Стремление широко обобщить жизненные явления, и притом совершенно по-новому, не так, как раньше, делает «Повесть о Горе Злочастии» одним из самых интересных явлений русской литературы XVII в. Открыв способ художественного обобщения нового типа, автор стремится до конца воспользоваться своим открытием и дать обобщение невиданного ранее размаха. Биография безымянного молодца изображается как типичный пример безотрадной жизни всего человеческого рода, а образ Горя становится образом человеческой судьбы вообще. Именно поэтому повесть начинается буквально от Адама – родоначальника всего человечества[408]. Невзрачная жизнь невзрачного героя осознается как жизнь человека вообще.

Такой громадной широты обобщения автор повести достигает тем, что лишает ее всех исторических упоминаний, имен и названий. Не только герой не имеет имени: в произведении на этот раз вообще нет ни одного собственного имени, ни одного упоминания знакомых русскому человеку городов или рек; в повести нельзя найти ни одного, хотя бы косвенного, намека на какие-либо исторические обстоятельства, которые позволили бы определить время ее действия. Все здесь обобщено и суммировано до крайних пределов, сосредоточено на одном: на судьбе молодца, его внутренней, психологической драме, на его характере. При этом повесть не чуждается описаний быта, по преимуществу самого низкого, кабацкого. Перед нами полная противоположность тому, чем жила старая литературная традиция: там – единичный «исторический» герой, здесь – весь человеческий род, обобщенный в безвестном молодце; там – представители самых верхов феодального общества, здесь – герой из его низов, безымянный молодец, бредущий без цели и занятий в «гуньке кабацкой», в уши которого «шумит разбой»; там – игнорирование быта, здесь – сугубо бытовая обстановка, хотя и изображенная только намеками; там – абстракция, здесь – конкретность, сложная внутренняя жизнь героя.

«Повесть о Горе Злочастии» – не единичное явление в области такого рода обобщений. Близко к «Повести о Горе Злочастии» стоит «Азбука о голом и небогатом человеке», где почти тот же герой, но только без преследующего его Горя.

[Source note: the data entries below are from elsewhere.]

lemma triple_product_eq_imp_norm_eq:
  fixes W W' :: "nat \<Rightarrow> complex"
  assumes "N > 0" and "W 0 \<in> \<real>" "W' 0 \<in> \<real>" "W 0 \<noteq> 0"
    and triple: "\<And>i j. i < N \<Longrightarrow> j < N \<Longrightarrow>
                   W' i * W' j * cnj (W' (i + j)) = W i * W j * cnj (W (i + j))"
  shows "W' 0 = W 0" and "k < N \<Longrightarrow> cmod (W' k) = cmod (W k)"
proof -
  obtain a a' where a: "W 0 = of_real a" and a': "W' 0 = of_real a'"
    using assms(2,3) by (auto elim!: Reals_cases)
  have "of_real (a' ^ 3) = (of_real (a ^ 3) :: complex)"
    using triple[of 0 0] \<open>N > 0\<close> by (simp add: a a' power3_eq_cube)
  then have "root 3 (a' ^ 3) = root 3 (a ^ 3)" by (simp only: of_real_eq_iff)
  then have "a' = a" by (simp add: odd_real_root_power_cancel)
  then show W0: "W' 0 = W 0" using a a' by simp
  assume "k < N"
  have "(W' k * cnj (W' k)) * W 0 = (W k * cnj (W k)) * W 0"
    using triple[of k 0] \<open>k < N\<close> \<open>N > 0\<close> W0 by (simp add: algebra_simps)
  then have "of_real ((cmod (W' k))\<^sup>2) = (of_real ((cmod (W k))\<^sup>2) :: complex)"
    using \<open>W 0 \<noteq> 0\<close> unfolding complex_norm_square by simp
  then have "(cmod (W' k))\<^sup>2 = (cmod (W k))\<^sup>2" by (simp only: of_real_eq_iff)
  then show "cmod (W' k) = cmod (W k)" by (simp add: power2_eq_iff_nonneg)
qed

lemma triple_product_eq_imp_phase_shift:
  fixes W W' :: "nat \<Rightarrow> complex"
  assumes "N > 0"
    and periodic: "\<And>k. W (k mod N) = W k" "\<And>k. W' (k mod N) = W' k"
    and real: "W 0 \<in> \<real>" "W' 0 \<in> \<real>"
    and nonzero: "\<And>k. k < N \<Longrightarrow> W k \<noteq> 0"
    and triple: "\<And>i j. i < N \<Longrightarrow> j < N \<Longrightarrow>
                   W' i * W' j * cnj (W' (i + j)) = W i * W j * cnj (W (i + j))"
  shows "\<exists>s<N. \<forall>k. W' k = cis (2 * pi * real s * real k / real N) * W k"
proof -
  have W_nonzero: "W k \<noteq> 0" for k
    using nonzero[of "k mod N"] periodic(1)[of k] \<open>N > 0\<close> by simp
  note norm_eq = triple_product_eq_imp_norm_eq[OF \<open>N > 0\<close> real W_nonzero triple]
  define r where "r k = W' k / W k" for k
  have W': "W' k = r k * W k" for k
    unfolding r_def using W_nonzero[of k] by simp
  have unimodular: "r k * cnj (r k) = 1" for k
  proof -
    have "cmod (W' k) = cmod (W k)"
      using norm_eq(2)[of "k mod N"] periodic[of k] \<open>N > 0\<close> by simp
    then have "cmod (r k) = 1" unfolding r_def using W_nonzero[of k] by (simp add: norm_divide)
    then show ?thesis using complex_norm_square[of "r k"] by simp
  qed
  have mult_small: "r (i + j) = r i * r j" if "i < N" "j < N" for i j
  proof -
    have "(r i * r j * cnj (r (i + j))) * (W i * W j * cnj (W (i + j))) = 1 * (W i * W j * cnj (W (i + j)))"
      using triple[OF that] unfolding W' by (simp add: algebra_simps)
    then have "r i * r j * cnj (r (i + j)) = 1" using W_nonzero by simp
    then have "r (i + j) = r (i + j) * (r i * r j * cnj (r (i + j)))" by simp
    also have "\<dots> = r i * r j" using unimodular[of "i + j"] by (simp add: algebra_simps)
    finally show ?thesis .
  qed
  have r_periodic: "r (k mod N) = r k" for k
    unfolding r_def using periodic[of k] by simp
  have "r (m + n) = r m * r n" for m n
  proof -
    have "r (m + n) = r (m mod N + n mod N)"
      using r_periodic[of "m + n"] r_periodic[of "m mod N + n mod N"] by (simp add: mod_add_eq)
    also have "\<dots> = r m * r n"
      using mult_small[of "m mod N" "n mod N"] r_periodic \<open>N > 0\<close> by simp
    finally show ?thesis .
  qed
  moreover have "r N = 1"
    using r_periodic[of N] norm_eq(1) W_nonzero[of 0] unfolding r_def by simp
  ultimately obtain s where "s < N" "\<forall>k. r k = cis (2 * pi * real s * real k / real N)"
    using cyclic_character_eq_cis[OF \<open>N > 0\<close>] by blast
  then show ?thesis unfolding W' by auto
qed

lemma dft_phase_shift_imp_cyclic_shift:
  assumes "N > 0" and "j < N"
    and phase: "\<And>k. k < N \<Longrightarrow> dft N w' (int k) = cis (2 * pi * real s * real k / real N) * dft N w (int k)"
  shows "w' j = w ((j + s) mod N)"
proof -
  have "of_nat N * w' j = of_nat N * w' (j mod N)" using \<open>j < N\<close> by simp
  also have "\<dots> = (\<Sum>k<N. dft N w' (int k) * cis (2 * pi * real j * real k / real N))"
    by (rule dft_inversion[OF \<open>N > 0\<close>, symmetric])
  also have "\<dots> = (\<Sum>k<N. dft N w (int k) * cis (2 * pi * real (j + s) * real k / real N))"
  proof (rule sum.cong[OF refl])
    fix k assume "k \<in> {..<N}"
    have "cis (2 * pi * real s * real k / real N) * cis (2 * pi * real j * real k / real N) =
          cis (2 * pi * real (j + s) * real k / real N)"
      unfolding cis_mult by (rule arg_cong[where f = cis]) (simp add: add_divide_distrib algebra_simps)
    with \<open>k \<in> {..<N}\<close> show "dft N w' (int k) * cis (2 * pi * real j * real k / real N) =
          dft N w (int k) * cis (2 * pi * real (j + s) * real k / real N)"
      by (simp add: phase mult.assoc)
  qed
  also have "\<dots> = of_nat N * w ((j + s) mod N)"
    by (rule dft_inversion[OF \<open>N > 0\<close>])
  finally show ?thesis using \<open>N > 0\<close> by simp
qed

lemma bispectrum_eq_imp_cyclic_shift:
  assumes "N > 0"
    and real: "\<And>j. j < N \<Longrightarrow> w j \<in> \<real>" "\<And>j. j < N \<Longrightarrow> w' j \<in> \<real>"
    and nonzero: "\<And>k. k < N \<Longrightarrow> dft N w (int k) \<noteq> 0"
    and eq: "\<And>i j. i < N \<Longrightarrow> j < N \<Longrightarrow>
               bispectrum N w' (int i) (int j) = bispectrum N w (int i) (int j)"
  shows "\<exists>s<N. \<forall>j<N. w' j = w ((j + s) mod N)"
proof -
  have "\<exists>s<N. \<forall>k. dft N w' (int k) = cis (2 * pi * real s * real k / real N) * dft N w (int k)"
  proof (rule triple_product_eq_imp_phase_shift[OF \<open>N > 0\<close>])
    show "dft N w (int 0) \<in> \<real>" "dft N w' (int 0) \<in> \<real>"
      using dft_zero_in_Reals[of N w, OF real(1)] dft_zero_in_Reals[of N w', OF real(2)] by simp_all
    fix i j assume "i < N" "j < N"
    then show "dft N w' (int i) * dft N w' (int j) * cnj (dft N w' (int (i + j))) =
               dft N w (int i) * dft N w (int j) * cnj (dft N w (int (i + j)))"
      using eq[of i j] by (simp add: bispectrum_real_eq[OF \<open>N > 0\<close> real(1)] bispectrum_real_eq[OF \<open>N > 0\<close> real(2)])
  qed (use nonzero dft_mod_nat[OF \<open>N > 0\<close>] in simp_all)
  then show ?thesis using dft_phase_shift_imp_cyclic_shift[OF \<open>N > 0\<close>] by blast
qed

definition complex_poly_fun :: "nat \<Rightarrow> ((nat \<Rightarrow> complex) \<Rightarrow> complex) \<Rightarrow> bool" where
  "complex_poly_fun N f \<longleftrightarrow> real_poly_fun N (\<lambda>x. Re (f x)) \<and> real_poly_fun N (\<lambda>x. Im (f x))"

lemma real_poly_fun_uminus: "real_poly_fun N p \<Longrightarrow> real_poly_fun N (\<lambda>x. - p x)"
  using real_poly_fun.mult[OF real_poly_fun.const[of N "-1"]] by simp

lemma real_poly_fun_diff:
  "real_poly_fun N p \<Longrightarrow> real_poly_fun N q \<Longrightarrow> real_poly_fun N (\<lambda>x. p x - q x)"
  using real_poly_fun.add[of N p "\<lambda>x. - q x"] real_poly_fun_uminus by simp

lemma complex_poly_fun_const: "complex_poly_fun N (\<lambda>x. c)"
  unfolding complex_poly_fun_def by (simp add: real_poly_fun.const)

lemma complex_poly_fun_coord: "j < N \<Longrightarrow> complex_poly_fun N (\<lambda>x. x j)"
  unfolding complex_poly_fun_def by (simp add: real_poly_fun.re_coord real_poly_fun.im_coord)

lemma complex_poly_fun_add:
  "complex_poly_fun N f \<Longrightarrow> complex_poly_fun N g \<Longrightarrow> complex_poly_fun N (\<lambda>x. f x + g x)"
  unfolding complex_poly_fun_def by (simp add: real_poly_fun.add)

lemma complex_poly_fun_mult:
  "complex_poly_fun N f \<Longrightarrow> complex_poly_fun N g \<Longrightarrow> complex_poly_fun N (\<lambda>x. f x * g x)"
  unfolding complex_poly_fun_def by (simp add: real_poly_fun.add real_poly_fun.mult real_poly_fun_diff)

lemma complex_poly_fun_cnj: "complex_poly_fun N f \<Longrightarrow> complex_poly_fun N (\<lambda>x. cnj (f x))"
  unfolding complex_poly_fun_def by (simp add: real_poly_fun_uminus)

lemma complex_poly_fun_sum:
  "finite A \<Longrightarrow> (\<And>a. a \<in> A \<Longrightarrow> complex_poly_fun N (f a)) \<Longrightarrow> complex_poly_fun N (\<lambda>x. \<Sum>a\<in>A. f a x)"
  by (induction A rule: finite_induct) (simp_all add: complex_poly_fun_const complex_poly_fun_add)

lemma complex_poly_fun_prod:
  "finite A \<Longrightarrow> (\<And>a. a \<in> A \<Longrightarrow> complex_poly_fun N (f a)) \<Longrightarrow> complex_poly_fun N (\<lambda>x. \<Prod>a\<in>A. f a x)"
  by (induction A rule: finite_induct) (simp_all add: complex_poly_fun_const complex_poly_fun_mult)

lemma complex_poly_fun_dft:
  "(\<And>j. j < N \<Longrightarrow> complex_poly_fun N (\<lambda>x. u x j)) \<Longrightarrow> complex_poly_fun N (\<lambda>x. dft N (u x) k)"
  unfolding dft_def by (intro complex_poly_fun_sum complex_poly_fun_mult complex_poly_fun_const) auto

lemma complex_poly_fun_norm_square:
  "complex_poly_fun N f \<Longrightarrow> complex_poly_fun N (\<lambda>x. of_real ((cmod (f x))\<^sup>2))"
  unfolding complex_norm_square by (intro complex_poly_fun_mult complex_poly_fun_cnj)

lemma real_algebraic_set_zero_set:
  assumes "complex_poly_fun N f"
  shows "real_algebraic_set N {x. f x = 0}"
  unfolding real_algebraic_set_def
proof (intro exI conjI)
  show "finite {\<lambda>x. Re (f x), \<lambda>x. Im (f x)}" by simp
  show "\<forall>p\<in>{\<lambda>x. Re (f x), \<lambda>x. Im (f x)}. real_poly_fun N p"
    using assms unfolding complex_poly_fun_def by simp
  show "{x. f x = 0} = {x. \<forall>p\<in>{\<lambda>x. Re (f x), \<lambda>x. Im (f x)}. p x = 0}"
    by (auto simp: complex_eq_iff)
qed

definition mag_dft_prod :: "nat \<Rightarrow> (nat \<Rightarrow> complex) \<Rightarrow> complex" where
  "mag_dft_prod N x = (\<Prod>k<N. dft N (mag_sq x) (int k) * dft N (fourier_mag_sq N x) (int k))"

lemma complex_poly_fun_mag_dft_prod: "complex_poly_fun N (mag_dft_prod N)"
proof -
  have "complex_poly_fun N (\<lambda>x. mag_dft_prod N x)"
    unfolding mag_dft_prod_def mag_sq_def fourier_mag_sq_def
    by (intro complex_poly_fun_prod complex_poly_fun_mult complex_poly_fun_dft
        complex_poly_fun_norm_square complex_poly_fun_coord) simp_all
  then show ?thesis by (simp add: eta_contract_eq)
qed

lemma mag_dft_prod_nonzero_iff:
  "mag_dft_prod N x \<noteq> 0 \<longleftrightarrow>
     (\<forall>k<N. dft N (mag_sq x) (int k) \<noteq> 0 \<and> dft N (fourier_mag_sq N x) (int k) \<noteq> 0)"
  unfolding mag_dft_prod_def by auto

lemma dft_const_plus_delta:
  assumes "N > 0" and u: "\<And>j. j < N \<Longrightarrow> u j = (if j = 0 then a + b else a)"
  shows "dft N u k = a * (if int N dvd k then of_nat N else 0) + b"
proof -
  have "dft N u k = (\<Sum>j<N. a * cis (2 * pi * real j * real_of_int (- k) / real N) +
                       (if j = 0 then b else 0))"
    unfolding dft_def by (rule sum.cong) (auto simp: u algebra_simps)
  also have "\<dots> = a * (\<Sum>j<N. cis (2 * pi * real j * real_of_int (- k) / real N)) + b"
    using \<open>N > 0\<close> by (simp add: sum.distrib sum_distrib_left)
  finally show ?thesis unfolding sum_cis_roots_of_unity[OF \<open>N > 0\<close>] by simp
qed

lemma dft_const_plus_delta_nonzero:
  assumes "N > 0" and "a \<ge> 0" "b > 0"
    and "\<And>j. j < N \<Longrightarrow> u j = of_real (if j = 0 then a + b else a)"
  shows "dft N u k \<noteq> 0"
proof -
  have "dft N u k = of_real (a * (if int N dvd k then real N else 0) + b)"
    using dft_const_plus_delta[OF \<open>N > 0\<close>, of u "of_real a" "of_real b"] assms(4) by simp
  moreover have "a * (if int N dvd k then real N else 0) + b > 0"
    using assms(2,3) by (simp add: add_nonneg_pos)
  ultimately show ?thesis by (auto simp del: of_real_add of_real_mult)
qed

lemma mag_dft_prod_nonzero_example:
  assumes "N > 0"
  shows "mag_dft_prod N (\<lambda>j. if j = 0 then 2 else 1) \<noteq> 0"
proof -
  define x :: "nat \<Rightarrow> complex" where "x j = (if j = 0 then 2 else 1)" for j
  have "dft N x (int k) = of_real (if k = 0 then real N + 1 else 1)" if "k < N" for k
    using dft_const_plus_delta[OF \<open>N > 0\<close>, of x 1 1 "int k"] that
    by (auto simp: x_def)
  then have "fourier_mag_sq N x k = of_real (if k = 0 then 1 + (real N ^ 2 + 2 * real N) else 1)"
    if "k < N" for k
    using that by (simp add: fourier_mag_sq_def power2_eq_square algebra_simps)
  then have "dft N (fourier_mag_sq N x) (int k) \<noteq> 0" for k
    using \<open>N > 0\<close> by (intro dft_const_plus_delta_nonzero) (simp_all add: add_nonneg_pos)
  moreover have "dft N (mag_sq x) (int k) \<noteq> 0" for k
    using \<open>N > 0\<close> by (intro dft_const_plus_delta_nonzero[where a = 1 and b = 3]) (simp_all add: mag_sq_def x_def)
  ultimately show ?thesis unfolding mag_dft_prod_nonzero_iff x_def by blast
qed

lemma mag_sq_eq_iff: "mag_sq x j = mag_sq y l \<longleftrightarrow> cmod (x j) = cmod (y l)"
  unfolding mag_sq_def by (simp del: of_real_power add: power2_eq_iff_nonneg)
(* Let the shallow network have activation $\psi\in\{\mathrm{sigmoid},\tanh\}$ and let $\mathcal{X}\subseteq\mathbb{R}^{V_0}$ contain a non-empty open set. Then for every $n\in\mathbb{N}_0$ and every $m=(m_\emptyset,m_0,\dots,m_n)\in\mathbb{N}_0^{n+2}$, \[ \mathcal{E}(\mathcal{X})=\mathcal{E}_P^m(\mathcal{X})=\mathcal{E}_0 . \]
   Context: Shallow network: finite pairwise disjoint sets $V_0,V_1,V_2$ and activation $\psi$; $E=(V_0\times V_1)\cup(V_1\times V_2)$; $\Theta=\mathbb{R}^E\times\mathbb{R}^{V_1\cup V_2}$, $\theta=(w,\beta)$; $w_{j\bullet}=(w_{jl})_{l\in V_2}$, $w_{\bullet j}=(w_{ij})_{i\in V_0}$. $\mathrm{sigmoid}(x)=1/(1+e^{-x})$. (In the paper $\mathcal{X}$ is the support of the input distribution.) Efficient parameters: $\theta$ is efficient on $\mathcal{X}$ if (a) $w_{k\bullet}\not\equiv0$ for all $k\in V_1$ and (b) the only $(\lambda_j)_{j\in V_1\cup\{\emptyset\}}$ with $\lambda_\emptyset+\sum_{j\in V_1}\lambda_j\psi(\beta_j+\sum_{i\in V_0}x_iw_{ij})=0$ for all $x\in\mathcal{X}$ is $\lambda\equiv0$; $\mathcal{E}(\mathcal{X})$ is the set of efficient parameters. Polynomial efficiency: $\theta$ is $m$-polynomially efficient on $\mathcal{X}$ if $w_{k\bullet}\not\equiv0$ for all $k\in V_1$, $\psi$ is $n$ times differentiable, and the only polynomials $P^{(\emptyset)}$ of degree $\le m_\emptyset$ and $P^{(k)}_j$ ($j\in V_1$, $0\le k\le n$) of degree $\le m_k$ on $\mathbb{R}^{V_0}$ with $P^{(\emptyset)}(x)+\sum_{j\in V_1}\sum_{k=0}^nP^{(k)}_j(x)\psi^{(k)}(\beta_j+\sum_{i}x_iw_{ij})=0$ for all $x\in\mathcal{X}$ are zero; $\mathcal{E}_P^m(\mathcal{X})$ is the set of such $\theta$. $\mathcal{E}_0=\{\theta\in\Theta:\ w_{j\bullet}\neq0\ \forall j\in V_1;\ w_{\bullet j}\neq0\ \forall j\in V_1;\ (w_{\bullet i},\beta_i)\neq\pm(w_{\bullet j},\beta_j)\ \forall i\neq j\in V_1\}$. *)

theory Defs
  imports "HOL-Analysis.Analysis"
begin

definition sigmoid :: "real \<Rightarrow> real" where
  "sigmoid x = 1 / (1 + exp (- x))"

definition edges :: "'v set \<Rightarrow> 'v set \<Rightarrow> 'v set \<Rightarrow> ('v \<times> 'v) set" where
  "edges V0 V1 V2 = (V0 \<times> V1) \<union> (V1 \<times> V2)"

Безымянность действующего лица открывала возможности для широчайших обобщений. Авторы пытаются делать обобщения в мировом масштабе (это ясно видно по «Повести о Горе Злочастии»), хотя фактически достигают обобщений только в пределах русской действительности XVII в., изображая «наготу и босоту», «недостатки последние» широких народных масс в период городских и крестьянских восстаний XVII в.

Безымянность действующих лиц находится в связи еще с одной чертой, характерной по преимуществу для демократической литературы XVII в., – с элементами своеобразного автобиографизма, в той или иной мере присущего многим произведениям этого времени. В XVII в. были созданы такие сложные автобиографии, как «Житие Аввакума» и «Житие Епифания», и полные автобиографизма отдельные повести о «Смуте» (в первую очередь «Новая повесть»), записки П. Толстого, Б. Шереметева, многочисленные письма и послания частных лиц и т. д. Но и произведения, написанные в XVII в. не о себе, несут печать того же автобиографизма, отражают страдания автора, его жалобы, недовольства. Он пишет по большей части о своей среде и о том, что мучает и тревожит его самого. Это отчетливо чувствуется и в «Службе кабаку», и в «Азбуке о голом и небогатом человеке», и в «Послании доверительном недругу». Не случайно многие из сентенций автора «Азбуки о голом» близко напоминают те приписки на полях, которыми переписчики снабжали свои рукописи и которые с горьким юмором говорят о самых непосредственных их нуждах[409].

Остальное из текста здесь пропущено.